Spaldin notes that under the traditional ways of assessing researchers, women were more likely to be in a situation where they would be poorly evaluated. For instance, if they had more responsibilities for looking after a family, they might have less freedom to migrate for work. The ERC has therefore removed the question of mobility on applicants’ CVs to try to level the playing field. “These developments would be good for everybody,” Spaldin adds, “but maybe particularly good for women.”

Finding what’s fun

Although Spaldin’s research was ignited by her fascination with multiferroics, her work could have a more far-reaching impact in physics. For example, she is now also looking at the possibility of engineering a room-temperature superconductor. Although it is unlikely that a multiferroic material would exhibit this property, progress could stem from the same underlying theoretical picture.

In another project, more cross-disciplinary still, Spaldin is working with astrophysicists to detect dark matter. There are many proposed theoretical descriptions of this enigmatic substance, and Spaldin is helping to predict how each hypothetical kind of dark-matter particle would interact with electrons within different materials.

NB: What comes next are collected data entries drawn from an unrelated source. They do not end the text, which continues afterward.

(* For every integer $\omega$, there is a proof labeling scheme of size $O(\log n)$ for the class $\mathcal{G}_\omega$ of all graphs $G$ such that each connected component of $G$ admits an elimination tree of width at most $\omega$ which is a spanning tree of (i.e., a subgraph of) that component.
   Context: An elimination tree of a connected graph $G$ is a rooted tree $F$ with $V(F)=V(G)$ such that for every edge $uv$ of $G$, one of $u,v$ is an ancestor of the other in $F$. For $v\in V(F)$ let $F_v$ be the subtree rooted at $v$ and let $\mathsf{str}(v)$ consist of $v$ together with all strict ancestors of $v$ that have a neighbour (in $G$) in $V(F_v)$. The width of $F$ is $\max_v|\mathsf{str}(v)|-1$. Each vertex has a unique identifier in $\{1,\dots,n\}$. A proof labeling scheme for a class $\Pi$: a prover assigns binary labels to vertices; a verifier at $v$ sees only $\mathsf{id}(v)$ and $(\mathsf{id}(w),\varphi(w))$ for $w\in N[v]$ and outputs Yes/No; completeness: on graphs in $\Pi$ the prover's labels make all vertices output Yes; soundness: on graphs not in $\Pi$, for every labeling some vertex outputs No. Size $O(\log n)$: all labels have length $O(\log n)$. *)

theory Defs
  imports Complex_Main
begin

text \<open>Graphs: the vertices are identified with their unique identifiers, so a graph on n
vertices has vertex set {1..n}; E is a symmetric irreflexive adjacency relation on {1..n}.\<close>
definition graph :: "nat \<Rightarrow> (nat \<Rightarrow> nat \<Rightarrow> bool) \<Rightarrow> bool" where
  "graph n E \<longleftrightarrow> (\<forall>u v. E u v \<longrightarrow> u \<in> {1..n} \<and> v \<in> {1..n} \<and> u \<noteq> v \<and> E v u)"

definition component :: "nat \<Rightarrow> (nat \<Rightarrow> nat \<Rightarrow> bool) \<Rightarrow> nat \<Rightarrow> nat set" where
  "component n E v = {u \<in> {1..n}. (v, u) \<in> {(a, b). E a b}\<^sup>*}"

text \<open>A rooted tree on vertex set C with root r, given by a parent function p
(p v is the parent of v for v \<noteq> r).  The pair (v, p v) is a child-parent pair.\<close>
definition par_rel :: "nat set \<Rightarrow> nat \<Rightarrow> (nat \<Rightarrow> nat) \<Rightarrow> (nat \<times> nat) set" where
  "par_rel C r p = {(v, p v) | v. v \<in> C \<and> v \<noteq> r}"

definition rooted_tree :: "nat set \<Rightarrow> nat \<Rightarrow> (nat \<Rightarrow> nat) \<Rightarrow> bool" where
  "rooted_tree C r p \<longleftrightarrow> r \<in> C \<and> (\<forall>v \<in> C - {r}. p v \<in> C)
     \<and> (\<forall>v \<in> C. (v, r) \<in> (par_rel C r p)\<^sup>*)"

text \<open>(v, a) in the transitive closure of par_rel means: a is a strict ancestor of v.\<close>
definition elimination_tree :: "(nat \<Rightarrow> nat \<Rightarrow> bool) \<Rightarrow> nat set \<Rightarrow> nat \<Rightarrow> (nat \<Rightarrow> nat) \<Rightarrow> bool" where
  "elimination_tree E C r p \<longleftrightarrow> rooted_tree C r p \<and>
     (\<forall>u \<in> C. \<forall>v \<in> C. E u v \<longrightarrow> (u, v) \<in> (par_rel C r p)\<^sup>+ \<or> (v, u) \<in> (par_rel C r p)\<^sup>+)"

definition subtree :: "nat set \<Rightarrow> nat \<Rightarrow> (nat \<Rightarrow> nat) \<Rightarrow> nat \<Rightarrow> nat set" where
  "subtree C r p v = {u \<in> C. (u, v) \<in> (par_rel C r p)\<^sup>*}"

definition str :: "(nat \<Rightarrow> nat \<Rightarrow> bool) \<Rightarrow> nat set \<Rightarrow> nat \<Rightarrow> (nat \<Rightarrow> nat) \<Rightarrow> nat \<Rightarrow> nat set" where
  "str E C r p v = {v} \<union> {a. (v, a) \<in> (par_rel C r p)\<^sup>+ \<and> (\<exists>u \<in> subtree C r p v. E a u)}"

definition width_le :: "(nat \<Rightarrow> nat \<Rightarrow> bool) \<Rightarrow> nat set \<Rightarrow> nat \<Rightarrow> (nat \<Rightarrow> nat) \<Rightarrow> int \<Rightarrow> bool" where
  "width_le E C r p \<omega> \<longleftrightarrow> (\<forall>v \<in> C. int (card (str E C r p v)) - 1 \<le> \<omega>)"

definition tree_in_graph :: "(nat \<Rightarrow> nat \<Rightarrow> bool) \<Rightarrow> nat set \<Rightarrow> nat \<Rightarrow> (nat \<Rightarrow> nat) \<Rightarrow> bool" where
  "tree_in_graph E C r p \<longleftrightarrow> (\<forall>v \<in> C - {r}. E v (p v))"

definition G_class :: "int \<Rightarrow> nat \<Rightarrow> (nat \<Rightarrow> nat \<Rightarrow> bool) \<Rightarrow> bool" where
  "G_class \<omega> n E \<longleftrightarrow> (\<forall>v \<in> {1..n}. \<exists>r p.
      elimination_tree E (component n E v) r p \<and> tree_in_graph E (component n E v) r p
      \<and> width_le E (component n E v) r p \<omega>)"

definition view :: "(nat \<Rightarrow> nat \<Rightarrow> bool) \<Rightarrow> (nat \<Rightarrow> bool list) \<Rightarrow> nat \<Rightarrow> (nat \<times> bool list) set" where
  "view E lab v = {(w, lab w) | w. w = v \<or> E v w}"

definition pls_log :: "(nat \<Rightarrow> (nat \<Rightarrow> nat \<Rightarrow> bool) \<Rightarrow> bool) \<Rightarrow> bool" where
  "pls_log P \<longleftrightarrow> (\<exists>(D :: nat \<Rightarrow> (nat \<times> bool list) set \<Rightarrow> bool) (c :: real).
     (\<forall>n E. graph n E \<longrightarrow> P n E \<longrightarrow>
        (\<exists>lab :: nat \<Rightarrow> bool list.
           (\<forall>v \<in> {1..n}. real (length (lab v)) \<le> c * (log 2 (real n) + 1)) \<and>
           (\<forall>v \<in> {1..n}. D v (view E lab v)))) \<and>
     (\<forall>n E. graph n E \<longrightarrow> \<not> P n E \<longrightarrow>
        (\<forall>lab :: nat \<Rightarrow> bool list. \<exists>v \<in> {1..n}. \<not> D v (view E lab v))))"

end

theory Submission
  imports Defs
begin

text \<open>Each vertex is labelled with the identifiers of the root of the tree of its component
  and of its parent, its depth, and the at most \<open>\<omega> + 1\<close> identifiers of \<open>str\<close>, each
  written with \<open>O(log n)\<close> bits.  The verifier checks that the parent is a neighbour one level
  higher whose set contains the own set up to the vertex itself, and that every neighbour has the
  same root, a different depth and, if it is higher, belongs to the own set.  Conversely these
  local conditions force the parent pointers of a component to form a spanning tree rooted at
  its unique self-parent vertex, in which a claimed set consists of the vertex and strict
  ancestors of it.  Hence adjacent vertices are comparable, and since claimed sets are inherited
  along ancestor paths, they contain the true sets \<open>str\<close>; this bounds the width by \<open>\<omega>\<close>.\<close>

section \<open>Self-delimiting binary encoding\<close>

fun bin_digits :: "nat \<Rightarrow> bool list" where
  "bin_digits x = (if x = 0 then [] else odd x # bin_digits (x div 2))"

declare bin_digits.simps [simp del]

fun of_bin_digits :: "bool list \<Rightarrow> nat" where
  "of_bin_digits [] = 0"
| "of_bin_digits (b # bs) = of_bool b + 2 * of_bin_digits bs"

lemma of_bin_digits_bin_digits [simp]: "of_bin_digits (bin_digits x) = x"
  by (induction x rule: bin_digits.induct) (subst bin_digits.simps, simp)

lemma two_power_length_bin_digits: "0 < x \<Longrightarrow> 2 ^ length (bin_digits x) \<le> 2 * x"
proof (induction x rule: bin_digits.induct)
  case (1 x)
  then have digits: "bin_digits x = odd x # bin_digits (x div 2)"
    by (simp add: bin_digits.simps)
  show ?case
  proof (cases "x div 2 = 0")
    case True
    with digits "1.prems" show ?thesis by (simp add: bin_digits.simps)
  next
    case False
    with 1 have "2 ^ length (bin_digits (x div 2)) \<le> 2 * (x div 2)" by simp
    with digits show ?thesis by simp
  qed
qed

lemma length_bin_digits_le_log:
  assumes "x \<le> n" and "1 \<le> n"
  shows "real (length (bin_digits x)) \<le> log 2 (real n) + 1"
proof (cases "x = 0")
  case True
  with assms show ?thesis by (simp add: bin_digits.simps)
next
  case False
  with assms have "(2::nat) ^ length (bin_digits x) \<le> 2 * n"
    using two_power_length_bin_digits[of x] by simp
  then have "(2::real) powr real (length (bin_digits x)) \<le> 2 * real n"
    by (simp add: powr_realpow) (metis of_nat_le_iff of_nat_mult of_nat_numeral of_nat_power)
  then have "real (length (bin_digits x)) \<le> log 2 (2 * real n)"
    using assms by (subst le_log_iff) auto
  also have "\<dots> = log 2 (real n) + 1"
    using assms by (simp add: log_mult)
  finally show ?thesis .
qed

text \<open>A number is written as its binary digits, each preceded by a \<open>True\<close> marker, and
  terminated by \<open>False\<close>; so a concatenation of codes can be split again.  The first argument
  of \<open>decode_nats\<close> accumulates the digits of the number currently being read.\<close>

definition encode_nat :: "nat \<Rightarrow> bool list" where
  "encode_nat x = concat (map (\<lambda>b. [True, b]) (bin_digits x)) @ [False]"

definition encode_nats :: "nat list \<Rightarrow> bool list" where
  "encode_nats xs = concat (map encode_nat xs)"

fun decode_nats :: "bool list \<Rightarrow> bool list \<Rightarrow> nat list" where
  "decode_nats acc [] = []"
| "decode_nats acc [True] = []"
| "decode_nats acc (True # b # rest) = decode_nats (acc @ [b]) rest"
| "decode_nats acc (False # rest) = of_bin_digits acc # decode_nats [] rest"

lemma decode_nats_digits:
  "decode_nats acc (concat (map (\<lambda>b. [True, b]) bs) @ False # rest)
     = of_bin_digits (acc @ bs) # decode_nats [] rest"
  by (induction bs arbitrary: acc) auto

lemma decode_encode_nats [simp]: "decode_nats [] (encode_nats xs) = xs"
  by (induction xs) (auto simp: encode_nats_def encode_nat_def decode_nats_digits)

lemma length_encode_nats_le_log:
  assumes "\<forall>x\<in>set xs. x \<le> n" and "1 \<le> n"
  shows "real (length (encode_nats xs)) \<le> real (length xs) * (2 * log 2 (real n) + 3)"
proof -
  have pairs: "length (concat (map (\<lambda>b. [True, b]) bs)) = 2 * length bs" for bs :: "bool list"
    by (induction bs) auto
  from assms show ?thesis
  proof (induction xs)
    case (Cons x xs)
    then have "real (length (bin_digits x)) \<le> log 2 (real n) + 1"
      by (simp add: length_bin_digits_le_log)
    with Cons show ?case
      by (simp add: encode_nats_def encode_nat_def pairs algebra_simps)
  qed (simp add: encode_nats_def)
qed

section \<open>Components and elimination trees\<close>

lemma graph_edgeD:
  "graph n E \<Longrightarrow> E u v \<Longrightarrow> u \<in> {1..n} \<and> v \<in> {1..n} \<and> u \<noteq> v \<and> E v u"
  by (auto simp: graph_def)

lemma component_subset: "component n E v \<subseteq> {1..n}"
  by (auto simp: component_def)

lemma finite_component: "finite (component n E v)"
  by (rule finite_subset[OF component_subset]) simp

lemma in_component_self: "v \<in> {1..n} \<Longrightarrow> v \<in> component n E v"
  by (simp add: component_def)

lemma component_closed:
  "graph n E \<Longrightarrow> u \<in> component n E v \<Longrightarrow> E u w \<Longrightarrow> w \<in> component n E v"
  using graph_edgeD[of n E u w] rtrancl_into_rtrancl[of v u "{(a, b). E a b}" w]
  by (auto simp: component_def)

lemma component_eq:
  assumes "graph n E" and "u \<in> component n E v"
  shows "component n E u = component n E v"
proof -
  let ?R = "{(a, b). E a b}"
  have "?R\<inverse> = ?R"
    using assms(1) by (auto simp: graph_def)
  moreover have vu: "(v, u) \<in> ?R\<^sup>*"
    using assms(2) by (simp add: component_def)
  ultimately have "(u, v) \<in> ?R\<^sup>*"
    by (metis rtrancl_converseI)
  with vu show ?thesis
    unfolding component_def by (meson rtrancl_trans)
qed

I want to have a group that has many different perspectives and many different aspects of excellence

So far, this project has mostly involved whittling down the possible characteristics of dark matter by excluding models that would imply interactions that have not been observed in existing detectors. But Spaldin and her collaborators are also thinking about which materials might make for promising new detectors, depending on the remaining possible descriptions. “This for me is just so much fun because it’s so far from my comfort zone,” Spaldin says. “It’s almost a different language that we speak in the project, so I’m enjoying it very much.”

And this enthusiasm is what she returns to again and again. Of course, achieving a room-temperature superconductor or detecting dark matter would be revolutionary, whether in the infrastructure of our daily lives, or in our fundamental understanding of the cosmos. But even these profound prospects seem to be secondary factors in Spaldin’s motivation. “Mostly I really want to work on problems that are fun,” she says. “Life is short!”